2.8.3 Tahap dasar perawatan pulpa(endodontia)
Biasanya tidak semua lubang gigi dapat langsung ditambal. Pada keadaan
dimana kerusakan gigi telah mengenai pulpa (telah terjadi infeksi pada pulpa gigi)
maka harus dilakukan suatu perawatan pulpa (endodontia) dahulu sebelum
dilakukan penambalan gigi (Tarigan,1995).
Biasanya perawatan saluran akar yang dilakukan adalah mumifikasi yaitu
jaringan gigi yang masih tertinggal di dalam saluran akar diawetkan
(dimumifikasi) dengan bahan mumifikasi atau digabung dengan perawatan
pulpektomi dimana jaringan pulpa gigi dikeluarkan dan kemudian diisi kembali
dengan bahan – bahan semen, gutta percha, silver point dan lain sebagainya baru
setelah itu diadakan penambalan. Di dalam perawatan pulpa biasanya dokter gigi
mempergunakan obat – obatan keras untuk mematikan pulpa, mendesinfeksi
ruang pulpa dan lain sebagainya,oleh karena itu perawatan pulpa memerlukan
beberapa kali kunjungan, minimal 2 kali kunjungan untuk penggantian obat.
Maka hendaknya si pasien tepat datang kembali ke praktek untuk penggantian
obat, karena bila terlalu lama terkadang proses obat tersebut sudah melewati batas,
sehingga perawatan pulpa yang dilakukan berakhir kegagalan. (Tarigan, 1995).
Ada tiga tahap dasar dalam perawatan pulpa(endodontia). Pertama adalah
tahap diagnosis, yang meliputi penentuan penyakit dan perencanaan perawatan.
Kedua, tahap preparasi. Pada tahap ini isi saluran akar dikeluarkan dan saluran
akar di preparasi untuk menerima bahan pengisi.
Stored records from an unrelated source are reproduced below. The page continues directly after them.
lemma mem_hyperbola_pairs: "(a, b) \<in> hyperbola_pairs n \<longleftrightarrow> 1 \<le> a \<and> 1 \<le> b \<and> a * b \<le> n"
proof -
  have "1 \<le> a \<Longrightarrow> b \<le> n div a \<longleftrightarrow> a * b \<le> n"
    by (simp add: less_eq_div_iff_mult_less_eq mult.commute)
  moreover have "1 \<le> b \<Longrightarrow> a * b \<le> n \<Longrightarrow> a \<le> n"
    by (metis dual_order.trans mult.right_neutral mult_le_mono2)
  ultimately show ?thesis unfolding hyperbola_pairs_def by auto
qed

lemma sum_hyperbola_pairs:
  fixes n :: nat
  shows "(\<Sum>(a, b)\<in>hyperbola_pairs n. f a b) = (\<Sum>a=1..n. \<Sum>b=1..n div a. f a b)"
  unfolding hyperbola_pairs_def by (rule sum.Sigma[symmetric]) auto

lemma sum_divisors_eq_sum_hyperbola:
  fixes n :: nat
  shows "(\<Sum>d=1..n. \<Sum>a | a dvd d. f a (d div a)) = (\<Sum>a=1..n. \<Sum>b=1..n div a. f a b)"
proof -
  have "(\<Sum>d=1..n. \<Sum>a | a dvd d. f a (d div a)) = (\<Sum>(d, a)\<in>Sigma {1..n} (\<lambda>d. {a. a dvd d}). f a (d div a))"
    by (rule sum.Sigma) auto
  also have "\<dots> = (\<Sum>(a, b)\<in>hyperbola_pairs n. f a b)"
    by (rule sum.reindex_bij_witness[where i = "\<lambda>(a, b). (a * b, a)" and j = "\<lambda>(d, a). (a, d div a)"])
       (auto simp: mem_hyperbola_pairs Suc_le_eq elim!: dvdE)
  finally show ?thesis by (simp add: sum_hyperbola_pairs)
qed

lemma sum_hyperbola_swap:
  fixes n :: nat
  shows "(\<Sum>a=1..n. \<Sum>b=1..n div a. f a b) = (\<Sum>b=1..n. \<Sum>a=1..n div b. f a b)"
proof -
  have "(\<Sum>(a, b)\<in>hyperbola_pairs n. f a b) = (\<Sum>(b, a)\<in>hyperbola_pairs n. f a b)"
    by (rule sum.reindex_bij_witness[where i = prod.swap and j = prod.swap])
       (auto simp: mem_hyperbola_pairs mult.commute)
  then show ?thesis by (simp add: sum_hyperbola_pairs[of f] sum_hyperbola_pairs[of "\<lambda>b a. f a b"])
qed

definition moebius :: "nat \<Rightarrow> int" where
  "moebius n = (if squarefree n then (-1) ^ card (prime_factors n) else 0)"

lemma abs_moebius_le: "\<bar>moebius n\<bar> \<le> 1"
  by (simp add: moebius_def)

lemma moebius_Suc_0 [simp]: "moebius (Suc 0) = 1"
  by (simp add: moebius_def)

lemma prod_subset_prime_factors_dvd:
  fixes n :: nat
  assumes "finite S" "S \<subseteq> prime_factors n"
  shows "\<Prod>S dvd n"
  using assms
proof (induction S rule: finite_induct)
  case empty
  then show ?case by simp
next
  case (insert p S)
  have "coprime p (\<Prod>S)"
    using insert by (intro prod_coprime_right) (auto intro!: primes_coprime dest: in_prime_factors_imp_prime)
  with insert show ?case
    by (auto intro: divides_mult)
qed

lemma prime_factors_prod_primes:
  fixes S :: "nat set"
  assumes "finite S" "\<And>p. p \<in> S \<Longrightarrow> prime p"
  shows "prime_factors (\<Prod>S) = S"
proof -
  have "0 \<notin> S" using assms(2) by force
  then have "prime_factors (\<Prod>S) = \<Union> (prime_factors ` S)"
    using prime_factors_prod[of S id] assms(1) by simp
  also have "\<dots> = S" using assms by (auto simp: prime_prime_factors)
  finally show ?thesis .
qed

lemma prod_prime_factors_squarefree:
  fixes d :: nat
  assumes "squarefree d"
  shows "\<Prod>(prime_factors d) = d"
proof -
  have "d \<noteq> 0" using assms by (metis not_squarefree_0)
  have "\<Prod>(prime_factors d) = (\<Prod>p\<in>prime_factors d. p ^ multiplicity p d)"
    using assms \<open>d \<noteq> 0\<close> by (intro prod.cong) (auto simp: squarefree_factorial_semiring')
  also have "\<dots> = d" using \<open>d \<noteq> 0\<close> by (simp add: prod_prime_factors gr0I)
  finally show ?thesis .
qed

lemma bij_betw_squarefree_divisors_prime_subsets:
  fixes n :: nat
  assumes "n > 0"
  shows "bij_betw prime_factors {d. d dvd n \<and> squarefree d} (Pow (prime_factors n))"
proof (rule bij_betw_byWitness[where f' = Prod])
  show "\<forall>X\<in>Pow (prime_factors n). prime_factors (\<Prod>X) = X"
    by (auto intro!: prime_factors_prod_primes intro: finite_subset)
  show "Prod ` Pow (prime_factors n) \<subseteq> {d. d dvd n \<and> squarefree d}"
    by (auto intro!: prod_subset_prime_factors_dvd squarefree_prod_coprime
             intro: finite_subset primes_coprime squarefree_prime dest: in_prime_factors_imp_prime)
qed (use assms in \<open>auto simp: prod_prime_factors_squarefree prime_factors_dvd intro: dvd_trans\<close>)

lemma sum_Pow_minus_one_power_card:
  assumes "finite A"
  shows "(\<Sum>X\<in>Pow A. (-1::int) ^ card X) = (if A = {} then 1 else 0)"
proof -
  have "(\<Prod>x\<in>A. (1::int) - 1) = (\<Sum>X\<in>Pow A. (-1) ^ card X * (\<Prod>x\<in>X. 1) * (\<Prod>x\<in>A-X. 1))"
    by (rule prod_diff_conv_sum[OF assms])
  moreover have "A \<noteq> {} \<Longrightarrow> (0::int) ^ card A = 0" using assms by (simp add: card_gt_0_iff)
  ultimately show ?thesis using assms by auto
qed

lemma sum_moebius_divisors:
  assumes "n > 0"
  shows "(\<Sum>d | d dvd n. moebius d) = (if n = 1 then 1 else 0)"
proof -
  have "(\<Sum>d | d dvd n. moebius d) = (\<Sum>d | d dvd n \<and> squarefree d. (-1) ^ card (prime_factors d))"
    using assms by (intro sum.mono_neutral_cong_right) (auto simp: moebius_def)
  also have "\<dots> = (\<Sum>X\<in>Pow (prime_factors n). (-1) ^ card X)"
    by (rule sum.reindex_bij_betw[OF bij_betw_squarefree_divisors_prime_subsets[OF assms]])
  also have "\<dots> = (if n = 1 then 1 else 0)"
    using assms by (simp add: sum_Pow_minus_one_power_card prime_factorization_empty_iff)
  finally show ?thesis .
qed

definition pair_count :: "nat \<Rightarrow> nat" where
  "pair_count n = card (hyperbola_pairs n)"

definition coprime_pair_count :: "nat \<Rightarrow> nat" where
  "coprime_pair_count n = card {p \<in> hyperbola_pairs n. coprime (fst p) (snd p)}"

lemma pair_count_eq_sum_div: "pair_count n = (\<Sum>a=1..n. n div a)"
  unfolding pair_count_def hyperbola_pairs_def by (subst card_SigmaI) auto

lemma coprime_pair_count_le: "coprime_pair_count n \<le> pair_count n"
  unfolding coprime_pair_count_def pair_count_def by (rule card_mono) auto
Ketiga adalah tahap pengisian.
36
Pada tahap terakhir ini saluran akar diisi dengan bahan yang dapat menutupnya
secara hermetik sampai batas dentin dan semen.
2.8.4 Indikasi perawatan pulpa(endodontia)
Indikasi untuk perawatan pulpa(endodontia) yaitu umumnya gigi dengan
kelainan yang telah mengenai jaringan pulpa dan atau kelainan jaringan
periapeks, sebagai pencegahan untuk menghindari infeksi jaringan periapikal, gigi
tanpa kelainan jaringan pulpa atau kelainan jaringan periapeks yang akan
mendapatkan tempat pasak bagi retensi restorasinya, masih didukung jaringan
penyangga gigi yang baik, gigi yang dipertahankan untuk menyangga suatu
overlay denture atau abunment gigi tiruan.
2.8.5 Jenis Perawatan Pulpa (endodontik)
Jenis perawatan pulpa konvensional meliputi pulp capping direk dan
indirek, pulpotomi, perawatan saluran akar pulpektomi dan endointrakanal, dan
apeksifikasi
2.9 Akibat jika tidak dirawat perawatan pulpa
Akibat jika tidak dilakukan perawatan pulpa akan menyebabkan
perubahan pada jaringan apeks dan pulpa mengalami peradangan yaitu pulpitis
koronalis, pulpitis radikularis, gangraen pulpa, periodontitis sehingga
menyebabkan gigi tidak bisa dilakukan perawatan dan harus dilakukan
pencabutan agar tidak menimbulkan penyakit lain (Tarigan, 1993).